3.4 Performance comparison with other methods
To further demonstrate the model performance of differentiating driver synonymous mutations from passenger mutations, we compared PredDSMC with TraP, EnDSM, CS, and CSS on two independent test sets. As mentioned before, Trap and EnDSM are designed for predicting pathogenic synonymous mutations; CS and CSS are developed to differentiate driver single-point mutations from passengers in human cancers. The details of these methods are described in Supplementary Table S3. Figure 3 shows the ROC curve and PR curve, and Supplementary Table S4 describes the evaluation indicators of different methods on independent test set I. The AUC (0.856) and AUPR (0.880) of PredDSMC are significantly higher than those of TraP, EnDSM, CS, and CSS, as shown in Figure 3. In comparison with the second-best method, CSS, PredDSMC achieves an increase of 19.4% and 22.1% in terms of the AUC and AUPR, respectively. Meanwhile, PredDSMC can identify 76.9% of the positive samples (SEN = 0.769), and 79.1% of the predicted driver synonymous mutations were true positive samples (PRE = 0.791), as shown in Supplementary Table S4.

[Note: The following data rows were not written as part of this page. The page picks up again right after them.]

lemma kast_mat_det_nonzero:
  assumes "0 < n"
  shows "det (kast_mat n) \<noteq> 0"
proof
  assume "det (kast_mat n) = 0"
  then obtain v where v: "v \<in> carrier_vec (n * Suc n)" "v \<noteq> 0\<^sub>v (n * Suc n)"
    "kast_mat n *\<^sub>v v = 0\<^sub>v (n * Suc n)"
    using det_0_iff_vec_prod_zero[OF kast_mat_carrier] by blast
  have "(\<Sum>j<n. \<Sum>k<Suc n. kast a c j k * v $ (j * Suc n + k)) = 0" if "a < Suc n" "c < n" for a c
  proof -
    have "a*n + c < n * Suc n"
      using pair_index_less[OF that] by (simp add: mult.commute)
    then show ?thesis
      using v(3) kast_mat_mult_vec[OF that v(1)] by simp
  qed
  then have vanish: "v $ (j * Suc n + k) = 0" if "j < n" "k < Suc n" for j k
    using kast_kernel_trivial[OF assms, of "\<lambda>j k. v $ (j * Suc n + k)"] that by blast
  have "v $ t = 0" if "t < n * Suc n" for t
  proof -
    have "v $ t = v $ ((t div Suc n) * Suc n + t mod Suc n)"
      by (simp only: div_mult_mod_eq)
    also have "\<dots> = 0"
      using that by (intro vanish) (simp_all add: less_mult_imp_div_less)
    finally show ?thesis .
  qed
  then have "v = 0\<^sub>v (n * Suc n)"
    using v(1) by (intro eq_vecI) auto
  with v(2) show False ..
qed

lemma kast_mat_invertible:
  assumes "0 < n"
  obtains B where "B \<in> carrier_mat (n * Suc n) (n * Suc n)"
    "B * kast_mat n = 1\<^sub>m (n * Suc n)" "kast_mat n * B = 1\<^sub>m (n * Suc n)"
proof -
  have "kast_mat n \<in> Units (ring_mat TYPE(complex) (n * Suc n) ())"
    by (rule det_non_zero_imp_unit[OF kast_mat_carrier kast_mat_det_nonzero[OF assms]])
  then have "\<exists>B \<in> carrier_mat (n * Suc n) (n * Suc n).
      B * kast_mat n = 1\<^sub>m (n * Suc n) \<and> kast_mat n * B = 1\<^sub>m (n * Suc n)"
    unfolding Units_def ring_mat_def by auto
  with that show ?thesis
    by blast
qed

FIGURE 3. Performance comparison of different methods on independent test set I. (A) ROC curve and (B) PR curve.
Figure 4 and Supplementary Table S5 display performance comparisons of different methods on independent test set II. The results are similar to the results on independent test set I. In comparison with the other four methods, the AUC (0.816) and AUPR (0.784) of PredDSMC are still better. As indicated in Figure 4, the AUC and AUPR are 10.9% and 6.3% higher than those of the second-best method, CSS, respectively. Moreover, PredDSMC has an excellent ability (Supplementary Table S5) of identifying positive samples (SEN = 0.929), and 68.0% of the predicted driver synonymous mutations are true positive samples (PRE = 0.680), with contribution of features with missing values.
FIGURE. 4. Performance comparison of different methods on independent test set II. (A) ROC curve and (B) PR curve.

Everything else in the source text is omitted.